Performance of prediction models for seasonal influenza outbreaks after 26 weeks in the United States from 2015 to 2019.
| R2 | RMSE (forecast values) | RMSE (Peak timing) | RMSE (Peak amplitude) | ||
|---|---|---|---|---|---|
| Influenza-like illness | Previous season | 0.487 | 1.1 | 5.5 | 2.2 |
| LR | 0.720 | 0.8 | 2.5 | 1.5 | |
| ARIMAX | 0.714 | 0.8 | 2.9 | 1.6 | |
| ANN | 0.758 | 0.7 | 1.8 | 0.8 | |
| Total Influenza viruses | Previous season | 0.346 | 4802.8 | 5.8 | 6657.8 |
| LR | 0.792 | 2707.6 | 1.7 | 5574.5* | |
| ARIMAX | 0.806 | 2618.2 | 1.7 | 6726.4 | |
| ANN | 0.738 | 3039.6 | 1.7 | 7544.3 | |
| Influenza A virus | Previous season | 0.289 | 4190.9 | 5.8 | 4901.0 |
| LR | 0.777 | 2347.8 | 1.9 | 4694.7 | |
| ARIMAX | 0.792 | 2265.2 | 1.6 | 5355.9 | |
| ANN | 0.798 | 2231.9 | 1.2 | 4545.3 | |
| Influenza B virus | Previous season | -0.238 | 1880.8 | 3.7 | 5142.3 |
| LR | 0.427 | 1279.4 | 3.0 | 1453.6 | |
| ARIMAX | 0.352 | 1360.4 | 2.7 | 3163.0 | |
| ANN | 0.403 | 1306.3 | 2.4 | 1512.0 |
R2, Coefficient of determination; RMSE, Root-mean-square error; LR, Linear regression; ARIMAX, Auto Regressive Integrated Moving Average; ANN, artificial neural network.

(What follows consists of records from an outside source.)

text \<open>Finite l1-nets of the simplex, indexed by an initial segment of the naturals
  (the index sets of D0 are sets of naturals).\<close>
lemma DeltaK_finite_net:
  assumes "e > 0"
  shows "\<exists>(n::nat) t. 0 < n \<and> (\<forall>i<n. t i \<in> (DeltaK :: (real^'k::finite) set)) \<and>
               (\<forall>p\<in>DeltaK. \<exists>i<n. norm1 (p - t i) < e)"
proof -
  define r where "r = e / real CARD('k)"
  have r: "r > 0" using assms by (simp add: r_def)
  obtain T where T: "T \<subseteq> (DeltaK :: (real^'k) set)" "finite T" "DeltaK \<subseteq> (\<Union>t\<in>T. ball t r)"
    by (rule compactE_image[OF compact_DeltaK, of DeltaK "\<lambda>t. ball t r"]) (use r in auto)
  have close: "\<exists>t\<in>T. norm1 (p - t) < e" if p: "p \<in> DeltaK" for p
  proof -
    obtain t where t: "t \<in> T" "dist t p < r" using T(3) p by auto
    have "norm1 (p - t) \<le> real CARD('k) * norm (p - t)" by (rule norm1_le_norm)
    also have "\<dots> < real CARD('k) * r" using t by (simp add: dist_norm norm_minus_commute)
    finally show ?thesis using t by (auto simp: r_def)
  qed
  obtain ts where ts: "set ts = T" using finite_list[OF T(2)] by blast
  have "(\<chi> k. 1 / real CARD('k)) \<in> (DeltaK :: (real^'k) set)" unfolding DeltaK_def by simp
  then have "T \<noteq> {}" using close by blast
  show ?thesis
  proof (rule exI[of _ "length ts"], rule exI[of _ "(!) ts"], intro conjI)
    show "0 < length ts" using ts \<open>T \<noteq> {}\<close> by auto
    show "\<forall>i<length ts. ts ! i \<in> DeltaK" using ts T(1) by auto
    show "\<forall>p\<in>DeltaK. \<exists>i<length ts. norm1 (p - ts ! i) < e" using close ts by (metis in_set_conv_nth)
  qed
qed

section \<open>D0 is contained in D1\<close>

lemma D1_ineq:
  "f \<in> D1 \<Longrightarrow> x \<in> DeltaK \<Longrightarrow> y \<in> DeltaK \<Longrightarrow> 0 \<le> a \<Longrightarrow> 0 \<le> b \<Longrightarrow>
   a * f x - b * f y \<le> norm1 (a *\<^sub>R x - b *\<^sub>R y)"
  unfolding D1_def by blast

lemma D1_lipschitz: "f \<in> D1 \<Longrightarrow> x \<in> DeltaK \<Longrightarrow> y \<in> DeltaK \<Longrightarrow> f x - f y \<le> norm1 (x - y)"
  using D1_ineq[of f x y 1 1] by simp

lemma continuous_on_if_l1_lipschitz:
  assumes "\<forall>x\<in>DeltaK. \<forall>y\<in>DeltaK. f x - f y \<le> norm1 (x - (y::real^'k::finite))"
  shows "continuous_on DeltaK f"
proof (rule lipschitz_on_continuous_on)
  show "(real CARD('k))-lipschitz_on DeltaK f"
  proof (rule lipschitz_onI)
    fix x y :: "real^'k" assume xy: "x \<in> DeltaK" "y \<in> DeltaK"
    have "f x - f y \<le> norm1 (x - y)" "f y - f x \<le> norm1 (y - x)"
      using assms xy by auto
    then have "\<bar>f x - f y\<bar> \<le> norm1 (x - y)" using norm1_minus_commute[of x y] by linarith
    also have "\<dots> \<le> real CARD('k) * norm (x - y)" by (rule norm1_le_norm)
    finally show "dist (f x) (f y) \<le> real CARD('k) * dist x y" by (simp add: dist_norm dist_real_def)
  qed simp
qed

lemma D0_subset_D1: "(D0 :: (real^'k::finite \<Rightarrow> real) set) \<subseteq> D1"
proof
  fix f :: "real^'k \<Rightarrow> real" assume "f \<in> D0"
  then obtain I J G where fin: "finite I" "I \<noteq> {}" "finite J" "J \<noteq> {}"
    and G: "\<forall>k. \<forall>i\<in>I. \<forall>j\<in>J. \<bar>G k i j\<bar> \<le> 1"
    and f: "\<forall>p\<in>DeltaK. f p = Val I J (\<lambda>i j. \<Sum>k\<in>UNIV. p $ k * G k i j)"
    unfolding D0_def by blast
  interpret matrix_game I J using fin by unfold_locales
  define M where "M p = (\<lambda>i j. \<Sum>k\<in>UNIV. p $ k * G k i j)" for p :: "real^'k"
  have ineq: "a * f x - b * f y \<le> norm1 (a *\<^sub>R x - b *\<^sub>R y)"
    if xy: "x \<in> DeltaK" "y \<in> DeltaK" and ab: "0 \<le> a" "0 \<le> b" for x y a b
  proof -
    let ?d = "norm1 (a *\<^sub>R x - b *\<^sub>R y)"
    text \<open>Entrywise, the inequality is the Lipschitz property of a [-1,1] functional.\<close>
    have entry: "a * M x i j - b * M y i j \<le> ?d" if "i \<in> I" "j \<in> J" for i j
    proof -
      have "a * M x i j - b * M y i j = (\<Sum>k\<in>UNIV. G k i j * (a *\<^sub>R x - b *\<^sub>R y)$k) - (\<Sum>k\<in>UNIV. G k i j * (0::real^'k)$k)"
        unfolding M_def by (simp add: sum_distrib_left sum_subtractf[symmetric] algebra_simps)
      also have "\<dots> \<le> norm1 ((a *\<^sub>R x - b *\<^sub>R y) - 0)"
        by (rule dot_diff_le_norm1) (use G that in auto)
      finally show ?thesis by simp
    qed
    have "a * f x = Val I J (\<lambda>i j. a * M x i j)" using Val_scale[OF ab(1)] f xy by (simp add: M_def)
    also have "\<dots> \<le> Val I J (\<lambda>i j. b * M y i j) + ?d"
    proof (intro Val_compare ballI)
      fix x' y' assume "x' \<in> mixed I" "y' \<in> mixed J"
      then have "payoff I J (\<lambda>i j. a * M x i j - b * M y i j) x' y' \<le> ?d"
        using entry by (intro payoff_upper) auto
      then show "payoff I J (\<lambda>i j. a * M x i j) x' y' \<le> payoff I J (\<lambda>i j. b * M y i j) x' y' + ?d"
        using payoff_diff[of I J "\<lambda>i j. a * M x i j" x' y' "\<lambda>i j. b * M y i j"] by linarith
    qed
    also have "Val I J (\<lambda>i j. b * M y i j) = b * f y" using Val_scale[OF ab(2)] f xy by (simp add: M_def)
    finally show ?thesis by simp
  qed
  have "continuous_on DeltaK f"
    by (rule continuous_on_if_l1_lipschitz) (use ineq[where a=1 and b=1] in simp)
  then show "f \<in> D1" unfolding D1_def using ineq by blast
qed

section \<open>D1 is closed under uniform approximation\<close>

text \<open>The D1 inequality passes to uniform limits: the error in a f x - b f y is at most (a+b)e.\<close>
lemma uniform_limit_in_D1:
  assumes cont: "continuous_on DeltaK f"
    and approx: "\<forall>e>0. \<exists>g\<in>(D1 :: (real^'k::finite \<Rightarrow> real) set). \<forall>x\<in>DeltaK. \<bar>f x - g x\<bar> < e"
  shows "f \<in> D1"
proof -
  have "a * f x - b * f y \<le> norm1 (a *\<^sub>R x - b *\<^sub>R y)"
    if xy: "x \<in> DeltaK" "y \<in> DeltaK" and ab: "0 \<le> a" "0 \<le> b" for x y a b
  proof (rule field_le_epsilon)
    fix e :: real assume e: "e > 0"
    define e' where "e' = e / (a + b + 1)"
    have e': "e' > 0" using e ab by (simp add: e'_def)
    obtain g where g: "g \<in> D1" and gf: "\<forall>x\<in>DeltaK. \<bar>f x - g x\<bar> < e'" using approx e' by blast
    have "f x - g x \<le> e'" "g y - f y \<le> e'"
      using gf xy by (fastforce simp: abs_less_iff)+
    then have "a * (f x - g x) \<le> a * e'" "b * (g y - f y) \<le> b * e'"
      using ab by (simp_all add: mult_left_mono)
    moreover have "(a + b) * e' \<le> e" unfolding e'_def using e ab by (simp add: field_simps)
    moreover have "a * g x - b * g y \<le> norm1 (a *\<^sub>R x - b *\<^sub>R y)" by (rule D1_ineq[OF g xy ab])
    ultimately show "a * f x - b * f y \<le> norm1 (a *\<^sub>R x - b *\<^sub>R y) + e"
      by (simp add: algebra_simps)
  qed
  then show "f \<in> D1" unfolding D1_def using cont by blast
qed

lemma closure_D0_subset_D1: "unif_closure (D0 :: (real^'k::finite \<Rightarrow> real) set) \<subseteq> D1"
proof
  fix f :: "real^'k \<Rightarrow> real" assume "f \<in> unif_closure D0"
  then have "continuous_on DeltaK f" "\<forall>e>0. \<exists>g\<in>D1. \<forall>x\<in>DeltaK. \<bar>f x - g x\<bar> < e"
    using D0_subset_D1 unfolding unif_closure_def by blast+
  then show "f \<in> D1" by (rule uniform_limit_in_D1)
qed

section \<open>D1 is contained in the closure of D0\<close>

lemma D1_bounded:
  assumes "f \<in> D1" "u \<in> DeltaK"
  shows "\<bar>f u\<bar> \<le> 1"
  using D1_ineq[OF assms assms(2), of 1 0] D1_ineq[OF assms assms(2), of 0 1]
    norm1_Delta[OF assms(2)] norm1_uminus[of u]
  by (simp add: abs_le_iff)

* Best value among previous season, LR, ARIMAX, and ANN.
Units for the RMSE (forecast values) are percentage of visits for influenza-like illness and number of total influenza, influenza A, and influenza B viruses.
Units for the RMSE (Peak timing) are week.
Units for the RMSE (peak amplitude) are percentage of visits for influenza-like illness and number of total influenza, influenza A, and influenza B viruses.
Fig 6The prediction of ANN for ILI (a) and Total influenza (b), influenza A and influenza B viruses (c) after 26 weeks from 2015 to 2019 in the U.S.
Fig 7The prediction and 95% confidence interval of Auto Regressive Integrated Moving Average for ILI (a) and Total influenza (b), influenza A (c) and influenza B viruses (d) from 2015 to 2019 in the U.S.